Head in the Sand Planning


By Henry K. (Bud) Hebeler


There are a number of major problems with forecasting that the financial industry and the government trivialize to present an optimistic view of the future. We’ll show you some solutions to get more realism in your personal projections.

Problem: The finance industry is the largest sector in the total of all sectors that make up the stock and bond markets. To cover the financial industry’s hundreds of billions of overhead and profit, brokers, analysts, and financial institutions must make their products look attractive and encourage people to invest and reinvest in new products thereby getting additional transaction fees. In order to gain favor, they often obscure or even hide the amount they take from the transactions by referring to historical market index returns which do not include their fees and costs. You would be extremely fortunate if you were able to achieve the returns of a mix of pure indexes, especially when the mix is determined by melding whatever allocation of security indexes did the best over some opportunistic period of history.

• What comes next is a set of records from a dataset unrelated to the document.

lemma frac_nabla_commute:
  fixes \<alpha> c :: real and m :: int
  shows "nabla_frac c (- \<alpha>) (nabla g) (c + of_int m) =
     nabla (nabla_frac c (- \<alpha>) g) (c + of_int m) - rising (of_int m) (\<alpha> - 1) * rGamma \<alpha> * g c"
proof -
  consider "\<alpha> > 0" | "\<alpha> = 0" | "\<alpha> < 0" by linarith
  then show ?thesis
  proof cases
    case 1
    then show ?thesis unfolding nabla_frac_def by (simp add: frac_sum_nabla)
  next
    case 2
    then show ?thesis unfolding nabla_frac_def by simp
  next
    case 3
    define n where "n = nat \<lceil>- \<alpha>\<rceil>"
    define \<nu> where "\<nu> = real n + \<alpha>"
    have frac: "nabla_frac c (- \<alpha>) h = nabla_pow n (if \<nu> = 0 then h else nabla_frac_sum c \<nu> h)"
      for h unfolding nabla_frac_def n_def \<nu>_def using 3 by (simp add: Let_def)
    have "real n = of_int \<lceil>- \<alpha>\<rceil>" unfolding n_def using 3 by simp
    then have \<nu>_range: "0 \<le> \<nu>" "\<nu> < 1" unfolding \<nu>_def by linarith+
    have \<alpha>: "\<alpha> = \<nu> - real n" unfolding \<nu>_def by simp
    show ?thesis
    proof (cases "\<nu> = 0")
      case True
      then have "rGamma \<alpha> = 0" unfolding \<alpha> by simp
      then show ?thesis unfolding frac using True by (simp add: nabla_pow_nabla)
    next
      case False
      have "\<nu> \<notin> \<int>"
      proof
        assume "\<nu> \<in> \<int>"
        then obtain j where "\<nu> = of_int j" by (auto elim: Ints_cases)
        with \<nu>_range False show False by simp
      qed
      then have "nabla_pow n (nabla_frac_sum c \<nu> (nabla g)) (c + of_int m) =
          nabla (nabla_pow n (nabla_frac_sum c \<nu> g)) (c + of_int m)
          - rising (of_int m) (\<alpha> - 1) * rGamma \<alpha> * g c"
        using nabla_pow_frac_sum_nabla[of \<nu> n c g m] unfolding \<alpha> by (simp add: algebra_simps)
      then show ?thesis unfolding frac using False by simp
    qed
  qed
qed
theorem theorem4p18:
  fixes a b :: nat
  assumes "1 \<le> a" and "2 \<le> b"
  shows "ord_ramsey (star_sc a) (mon_cycle b) = 1 + (a - 1) * (b - 1)"
proof (rule ord_ramsey_eqI)
  show "ramsey_arrows (1 + (a - 1) * (b - 1)) (star_sc a) (mon_cycle b)"
    using assms by (intro ramsey_arrows_star_sc_mon_cycle) simp_all
  show "\<not> ramsey_arrows m (star_sc a) (mon_cycle b)" if "m < 1 + (a - 1) * (b - 1)" for m
    using assms that by (intro not_ramsey_arrows_star_sc_mon_cycle) simp_all
qed

end
section \<open>Expansion in an orthonormal basis\<close>

lemma onb_lieN_coeff:
  assumes B: "onb_lieN d N B" and "y \<in> lieN d N" and y: "\<forall>w\<in>words d N. y w = x w"
    and w: "w \<in> words d N"
  shows "x w = (\<Sum>u\<in>B. ipN d N x u * u w)"
proof -
  have fin: "finite B" and orth: "\<And>u v. u \<in> B \<Longrightarrow> v \<in> B \<Longrightarrow> ipN d N u v = (if u = v then 1 else 0)"
    using B unfolding onb_lieN_def by blast+
  obtain c where c: "y = (\<lambda>w. \<Sum>u\<in>B. c u * u w)"
    using B \<open>y \<in> lieN d N\<close> unfolding onb_lieN_def by blast
  have "ipN d N x v = c v" if v: "v \<in> B" for v
  proof -
    have "ipN d N x v = ipN d N y v" unfolding ipN_def using y by simp
    also have "\<dots> = (\<Sum>u\<in>B. c u * ipN d N u v)"
      unfolding ipN_def c sum_distrib_right by (subst sum.swap) (simp add: sum_distrib_left ac_simps)
    also have "\<dots> = (\<Sum>u\<in>B. if u = v then c u else 0)"
      using orth v by (intro sum.cong refl) simp
    also have "\<dots> = c v"
      using fin v by simp
    finally show ?thesis .
  qed
  then show ?thesis using y w unfolding c by simp
qed

lemma onb_lieN_sum_words:
  fixes F :: "nat list \<Rightarrow> 'a::real_vector"
  assumes "onb_lieN d N B" "y \<in> lieN d N" "\<forall>w\<in>words d N. y w = x w"
  shows "(\<Sum>w\<in>words d N. x w *\<^sub>R F w) = (\<Sum>u\<in>B. ipN d N x u *\<^sub>R (\<Sum>w\<in>words d N. u w *\<^sub>R F w))"
proof -
  have "(\<Sum>w\<in>words d N. x w *\<^sub>R F w) = (\<Sum>w\<in>words d N. \<Sum>u\<in>B. (ipN d N x u * u w) *\<^sub>R F w)"
    using onb_lieN_coeff[OF assms] by (intro sum.cong refl) (simp add: scaleR_sum_left)
  also have "\<dots> = (\<Sum>u\<in>B. ipN d N x u *\<^sub>R (\<Sum>w\<in>words d N. u w *\<^sub>R F w))"
    by (subst sum.swap) (simp add: scaleR_sum_right)
  finally show ?thesis .
qed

Solution: When making return projections, subtract the costs of mutual funds, brokers, and/or agents from historical returns of a mix of stocks and bonds because the historical index returns don’t reflect these costs. For example, your research may find that the historical index returns for your portfolio averaged 7.0%. The average mutual fund has costs of about 1.5%, so the net return would be only 5.5% for the average investor.

Problem: Those who are in retirement take another licking. The financial industry acknowledges dollar-cost-averaging as a way of boosting returns—which is a reality for those who make regular deposits to the same stock fund over a long period of time. (On the average, a program of regular deposits enhances the gains because the investor buys fewer shares when their price is high and more shares when the price is low.) Conversely, retirees regularly take out money from their investments and thereby experience REVERSE dollar cost averaging. As a consequence, retirees’ returns are likely to be significantly lower than an index even if the index is adjusted downward to reflect the fees and costs of the financial industry.

Solution: For the years in retirement subtract about 1% from returns in addition to subtracting the costs of mutual funds brokers, and/or agents.

Problem: There will be many retirement surprises that take significant cash. These might include family things such as elderly parents who run out of retirement money or a daughter who has several children and then decides to get a divorce. Or there may well be uninsured medical or dental problems, unforeseen replacement of costly items such as a roof or automobile, or a plunging stock market that abruptly changes your view of your future financial success.

Solution: Include known replacement costs of expensive items as discrete entries in your planning program, but you need reserves for unknowns as well, perhaps 10% of investments for fairly wealthy people or even 100% of investments for those with little savings. Reserves should not be counted as an investment when trying to project how much you can spend each year till death.

Problem: Plans that assume retirees will be able to live comfortably on something like 70% to 80% of working income ignore the realities of ever increasing medical and dental costs and the methods that people, business, insurance, and the government have to cope with such costs.

Solution: People who are within twenty years of retirement should prepare a detailed retirement budget derived from current budgets, but use much larger medical and dental costs, perhaps 1.5 times today’s insurance and service quotes if these costs continue to run at twice normal inflation.

Problem: The country is awash in record debt at all levels: international, national, state, business, and personal. Further, both Social Security and Medicare need substantially more funds to meet promised benefits as do public and private pension plans. We cannot continue to ignore what these will do to the future economy.

Solution: The government has few options except to reduce benefits, increase taxes and print more money, that is, let inflation go to higher levels. This cheapens promised future benefits and makes current debts look relatively smaller. Plan on higher tax rates when in retirement and base plans on a significant jump in inflation, perhaps 4.5% instead of the common 3% assumption.

Problem: Finally, there is the modern concept of determining a retirement spending level that, after adjustment for inflation each year, will exhaust your investments over the period of years that you might live in retirement. Even the supposedly sophisticated Monte Carlo analyses favored by most professional planners use exhaustion analysis as the basis of each iteration. There are two very large fundamental flaws here. The first is the pretence that you can predict the outcome with certain confidence, and the second is that people do not spend the same inflation-adjusted amount of money each year.

Solution: The best thing to do is to is to avoid exhaustion analyses (See the Dynamic program from www.analyzenow.com.) or at least don’t plan on exhausting investments until well over age 100. Even then, understand that the planning admonition that the future may be different from the past is real and that success probabilities are meaningless.

Conclusion: It’s a good idea to rethink the results you get from almost any kind of a planning process whether it comes from a magazine, financial web site, self generated spreadsheet, commercial planning program, or even from an expensive personal analyst. Failure to account for financial realities and adversities is hiding your head in the sand—which is just what the government and most of the financial industry would like you to do. Saving little and spending lots now makes the current economy vibrant and profits soar--but little savings won’t help your long-range future.